- #1
flemmyd
- 144
- 1
Homework Statement
I'm just writing a simple program to try and take the reciprocal and keep the value logged.
Homework Equations
? not a math problem..
The Attempt at a Solution
My code:
int = numerator, denominator; // global variables
void swap(int numerator, int denominator)
{
int temp = numerator;
numerator = denominator;
denominator = temp;
}
int main (void)
scanf("%d", numerator);
scanf("%d", denominator);
while (input != quit) //i'm omitting some lines here...
printf("The current fraction is %d/%d", numerator, denominator);
case 1:
swap(numerator, denominator)
That should be everything that is relevant for this program right now. I didn't want to copy everything out (most of it is junk right now).

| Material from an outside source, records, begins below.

lemma integral_norm_powr_ball_pos:
  fixes x0 :: "'a::euclidean_space" and e :: real
  assumes "- real DIM('a) < e" "0 < R"
  shows "0 < integral (ball x0 R) (\<lambda>y. norm y powr e)"
proof -
  obtain z where sub: "ball z (R / 8) \<subseteq> ball x0 R"
    and lo: "\<And>y. y \<in> ball z (R / 8) \<Longrightarrow> R / 2 \<le> norm y"
    using ball_in_ball_away_from_origin[OF assms(2)] by blast
  define m where "m = min ((R / 2) powr e) ((norm x0 + 2 * R) powr e)"
  have "0 < norm x0 + 2 * R"
    using assms(2) by (simp add: add_nonneg_pos)
  then have m: "0 < m"
    using assms(2) by (simp add: m_def)
  have low: "m \<le> norm y powr e" if "y \<in> ball z (R / 8)" for y
  proof -
    have "y \<in> ball x0 R"
      using that sub by blast
    then have "norm (y - x0) < R"
      by (simp add: dist_norm norm_minus_commute)
    then have hi: "norm y \<le> norm x0 + 2 * R"
      using norm_triangle_ineq[of x0 "y - x0"] assms(2) by simp
    show ?thesis
    proof (cases "0 \<le> e")
      case True
      then have "(R / 2) powr e \<le> norm y powr e"
        using lo[OF that] assms(2) by (intro powr_mono2) auto
      then show ?thesis
        by (simp add: m_def min.coboundedI1)
    next
      case False
      then have "(norm x0 + 2 * R) powr e \<le> norm y powr e"
        using lo[OF that] hi assms(2) by (intro powr_mono2') auto
      then show ?thesis
        by (simp add: m_def min.coboundedI2)
    qed
  qed
  have "integral (ball x0 R) (\<lambda>y. if y \<in> ball z (R / 8) then m else 0) = integral (ball z (R / 8)) (\<lambda>_. m)"
    by (simp only: integral_restrict_Int Int_absorb2[OF sub])
  also have "\<dots> = m * (measure lborel (ball (0::'a) 1) * (R / 8) ^ DIM('a))"
    using assms(2) by (simp add: integral_const_ball)
  finally have "0 < integral (ball x0 R) (\<lambda>y. if y \<in> ball z (R / 8) then m else 0)"
    using m assms(2) by simp
  also have "\<dots> \<le> integral (ball x0 R) (\<lambda>y. norm y powr e)"
  proof (rule integral_le[OF _ integrable_norm_powr_ball[OF assms]])
    show "(\<lambda>y. if y \<in> ball z (R / 8) then m else 0) integrable_on ball x0 R"
      by (simp only: integrable_restrict_Int Int_absorb2[OF sub] integrable_on_const lmeasurable_ball)
  qed (use low m in auto)
  finally show ?thesis .
qed

lemma integral_norm_powr_ball_le_nonneg_exp:
  fixes x0 x :: "'a::euclidean_space" and e :: real
  assumes "0 \<le> e" "0 < R" "R / 5 \<le> norm x" "norm (x - x0) \<le> 2 * R"
  shows "integral (ball x0 R) (\<lambda>y. norm y powr e)
         \<le> measure lborel (ball (0::'a) 1) * 16 powr e * R ^ DIM('a) * norm x powr e"
proof -
  have "integral (ball x0 R) (\<lambda>y. norm y powr e)
      \<le> (16 * norm x) powr e * (measure lborel (ball (0::'a) 1) * R ^ DIM('a))"
  proof (rule integral_ball_le_if_bounded)
    fix y assume "y \<in> ball x0 R"
    then have "norm (y - x0) < R"
      by (simp add: dist_norm norm_minus_commute)
    then have "norm y \<le> 16 * norm x"
      using norm_triangle_ineq[of x "y - x"] norm_triangle_ineq[of "y - x0" "x0 - x"] assms(3,4)
      by (simp add: norm_minus_commute)
    then show "\<bar>norm y powr e\<bar> \<le> (16 * norm x) powr e"
      using assms(1) by (simp add: powr_mono2)
  qed (use assms in auto)
  then show ?thesis
    by (simp add: powr_mult mult_ac)
qed

lemma integral_norm_powr_ball_le_far:
  fixes x0 x :: "'a::euclidean_space" and e :: real
  assumes "e \<le> 0" "0 < R" "4 * R \<le> norm x0" "norm (x - x0) \<le> 2 * R"
  shows "integral (ball x0 R) (\<lambda>y. norm y powr e)
         \<le> measure lborel (ball (0::'a) 1) * 2 powr (- e) * R ^ DIM('a) * norm x powr e"
proof -
  have x: "2 * R \<le> norm x" "norm x \<le> norm x0 + 2 * R"
    using norm_triangle_ineq2[of x0 x] norm_triangle_ineq[of x0 "x - x0"] assms(3,4)
    by (simp_all add: norm_minus_commute)
  have "integral (ball x0 R) (\<lambda>y. norm y powr e)
      \<le> (norm x / 2) powr e * (measure lborel (ball (0::'a) 1) * R ^ DIM('a))"
  proof (rule integral_ball_le_if_bounded)
    fix y assume "y \<in> ball x0 R"
    then have "norm x / 2 \<le> norm y"
      using norm_triangle_ineq2[of x0 y] x(2) assms(3) by (simp add: dist_norm)
    then have "norm y powr e \<le> (norm x / 2) powr e"
      using assms(1,2) x(1) by (intro powr_mono2') auto
    then show "\<bar>norm y powr e\<bar> \<le> (norm x / 2) powr e"
      by simp
  qed (use assms in auto)
  moreover have "(norm x / 2) powr e = 2 powr (- e) * norm x powr e"
    by (simp add: powr_divide powr_minus_divide)
  ultimately show ?thesis
    by (simp add: mult_ac)
qed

Anyway, so I input the values in for numerator and denominator (of the type int). it gives me the value fine. when i use the swap function, it should give me the reciprocal (aka swap them) and it does-- if i insert a printf line in the function, it does give the reciprocal. but when it comes back the the main function, right under the while loop, it gives me the original number.
So i know about passing by reference and passing by value. It seems like when i leave the scope of the swap function and the main values aren't changing, it's a pass by value and not reference. I don't know how to get this to pass by reference without using a unit 1 array or a pointer (of which I'm apparently not allowed to use for the assignment).
Because I'm trying to return two values, I can't use
right?int swap
{
//blah
return a
}
any one have any ideas?
EDIT: now that I think about it, is it a scoping issue? how can I define the equations such that the numbers are beyond the scope of the function?